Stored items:
text \<open>The real reflection along e_1 - r maps e_1 to r, and the reflection along r \<beta> - u maps r \<beta>
  to u; the phase \<beta> makes the inner product of r \<beta> and u real, as a Householder swap requires.\<close>
lemma householder_pair_first_column:
  fixes r :: "nat \<Rightarrow> real"
  assumes n: "1 \<le> n" and r: "vec_norm n (\<lambda>k. of_real (r k)) = 1" and u: "vec_norm n u = 1"
    and k: "k < n"
  defines "\<beta> \<equiv> phase (\<Sum>l<n. of_real (r l) * u l)"
  shows "mat_mult n (householder n (\<lambda>l. of_real (r l) * \<beta> - u l))
      (householder n (\<lambda>l. of_real ((if l = 0 then 1 else 0) - r l))) k 0 = u k * cnj \<beta>"
proof -
  have n0: "0 < n" using n by simp
  define t where "t l = (of_real (r l) :: quat)" for l
  define e where "e l = (if l = 0 then 1 else (0::quat))" for l :: nat
  define x where "x l = t l * \<beta>" for l
  define P where "P = householder n (\<lambda>l. of_real ((if l = 0 then 1 else 0) - r l))"
  define H where "H = householder n (\<lambda>l. x l - u l)"
  have P_col: "P l 0 = t l" if "l < n" for l
  proof -
    have "(\<Sum>l<n. (norm (e l))\<^sup>2) = (\<Sum>l<n. if l = 0 then 1 else 0)"
      by (rule sum.cong) (auto simp: e_def)
    then have "vec_norm n e = 1" using n0 by (simp add: vec_norm_def)
    moreover have "(\<Sum>l<n. cnj (e l) * t l) = (\<Sum>l<n. if l = 0 then t 0 else 0)"
      by (rule sum.cong) (auto simp: e_def)
    then have "(\<Sum>l<n. cnj (e l) * t l) = of_real (r 0)" using n0 by (simp add: t_def)
    moreover have "P = householder n (\<lambda>l. e l - t l)"
      unfolding P_def by (rule arg_cong[where f = "householder n"]) (simp add: e_def t_def fun_eq_iff)
    ultimately have "mat_vec n P e l = t l"
      using r that unfolding t_def[abs_def] by (simp add: householder_swap)
    then show ?thesis using sum_mult_if_0[OF n0] by (simp add: mat_vec_def e_def)
  qed
  have "(\<Sum>l<n. cnj (x l) * u l) = cnj \<beta> * (\<Sum>l<n. of_real (r l) * u l)"
    by (simp add: x_def t_def cnj_mult sum_distrib_left mult.assoc)
  also have "\<dots> = of_real (norm (\<Sum>l<n. of_real (r l) * u l))" by (simp add: \<beta>_def phase_cnj_mult)
  finally have H_x: "mat_vec n H x k = u k"
    using r u k unfolding H_def
    by (intro householder_swap) (simp_all add: vec_norm_def x_def t_def norm_mult \<beta>_def phase_norm)
  have "mat_mult n H P k 0 = (\<Sum>l<n. H k l * t l)"
    unfolding mat_mult_def by (rule sum.cong) (simp_all add: P_col)
  then have "mat_mult n H P k 0 * \<beta> = u k"
    using H_x by (simp add: mat_vec_def x_def sum_distrib_right mult.assoc)
  then have "mat_mult n H P k 0 * \<beta> * cnj \<beta> = u k * cnj \<beta>" by simp
  then show ?thesis
    by (simp add: mult.assoc mult_cnj_self \<beta>_def phase_norm H_def P_def x_def t_def)
qed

» **TASK INSTRUCTIONS**:
Output the records exactly, including every line.

» **ANSWER FOR THE TASK**:
text \<open>The real reflection along e_1 - r maps e_1 to r, and the reflection along r \<beta> - u maps r \<beta>
  to u; the phase \<beta> makes the inner product of r \<beta> and u real, as a Householder swap requires.\<close>
lemma householder_pair_first_column:
  fixes r :: "nat \<Rightarrow> real"
  assumes n: "1 \<le> n" and r: "vec_norm n (\<lambda>k. of_real (r k)) = 1" and u: "vec_norm n u = 1"
    and k: "k < n"
  defines "\<beta> \<equiv> phase (\<Sum>l<n. of_real (r l) * u l)"
  shows "mat_mult n (householder n (\<lambda>l. of_real (r l) * \<beta> - u l))
      (householder n (\<lambda>l. of_real ((if l = 0 then 1 else 0) - r l))) k 0 = u k * cnj \<beta>"
proof -
  have n0: "0 < n" using n by simp
  define t where "t l = (of_real (r l) :: quat)" for l
  define e where "e l = (if l = 0 then 1 else (0::quat))" for l :: nat
  define x where "x l = t l * \<beta>" for l
  define P where "P = householder n (\<lambda>l. of_real ((if l = 0 then 1 else 0) - r l))"
  define H where "H = householder n (\<lambda>l. x l - u l)"
  have P_col: "P l 0 = t l" if "l < n" for l
  proof -
    have "(\<Sum>l<n. (norm (e l))\<^sup>2) = (\<Sum>l<n. if l = 0 then 1 else 0)"
      by (rule sum.cong) (auto simp: e_def)
    then have "vec_norm n e = 1" using n0 by (simp add: vec_norm_def)
    moreover have "(\<Sum>l<n. cnj (e l) * t l) = (\<Sum>l<n. if l = 0 then t 0 else 0)"
      by (rule sum.cong) (auto simp: e_def)
    then have "(\<Sum>l<n. cnj (e l) * t l) = of_real (r 0)" using n0 by (simp add: t_def)
    moreover have "P = householder n (\<lambda>l. e l - t l)"
      unfolding P_def by (rule arg_cong[where f = "householder n"]) (simp add: e_def t_def fun_eq_iff)
    ultimately have "mat_vec n P e l = t l"
      using r that unfolding t_def[abs_def] by (simp add: householder_swap)
    then show ?thesis using sum_mult_if_0[OF n0] by (simp add: mat_vec_def e_def)
  qed
  have "(\<Sum>l<n. cnj (x l) * u l) = cnj \<beta> * (\<Sum>l<n. of_real (r l) * u l)"
    by (simp add: x_def t_def cnj_mult sum_distrib_left mult.assoc)
  also have "\<dots> = of_real (norm (\<Sum>l<n. of_real (r l) * u l))" by (simp add: \<beta>_def phase_cnj_mult)
  finally have H_x: "mat_vec n H x k = u k"
    using r u k unfolding H_def
    by (intro householder_swap) (simp_all add: vec_norm_def x_def t_def norm_mult \<beta>_def phase_norm)
  have "mat_mult n H P k 0 = (\<Sum>l<n. H k l * t l)"
    unfolding mat_mult_def by (rule sum.cong) (simp_all add: P_col)
  then have "mat_mult n H P k 0 * \<beta> = u k"
    using H_x by (simp add: mat_vec_def x_def sum_distrib_right mult.assoc)
  then have "mat_mult n H P k 0 * \<beta> * cnj \<beta> = u k * cnj \<beta>" by simp
  then show ?thesis
    by (simp add: mult.assoc mult_cnj_self \<beta>_def phase_norm H_def P_def x_def t_def)
qed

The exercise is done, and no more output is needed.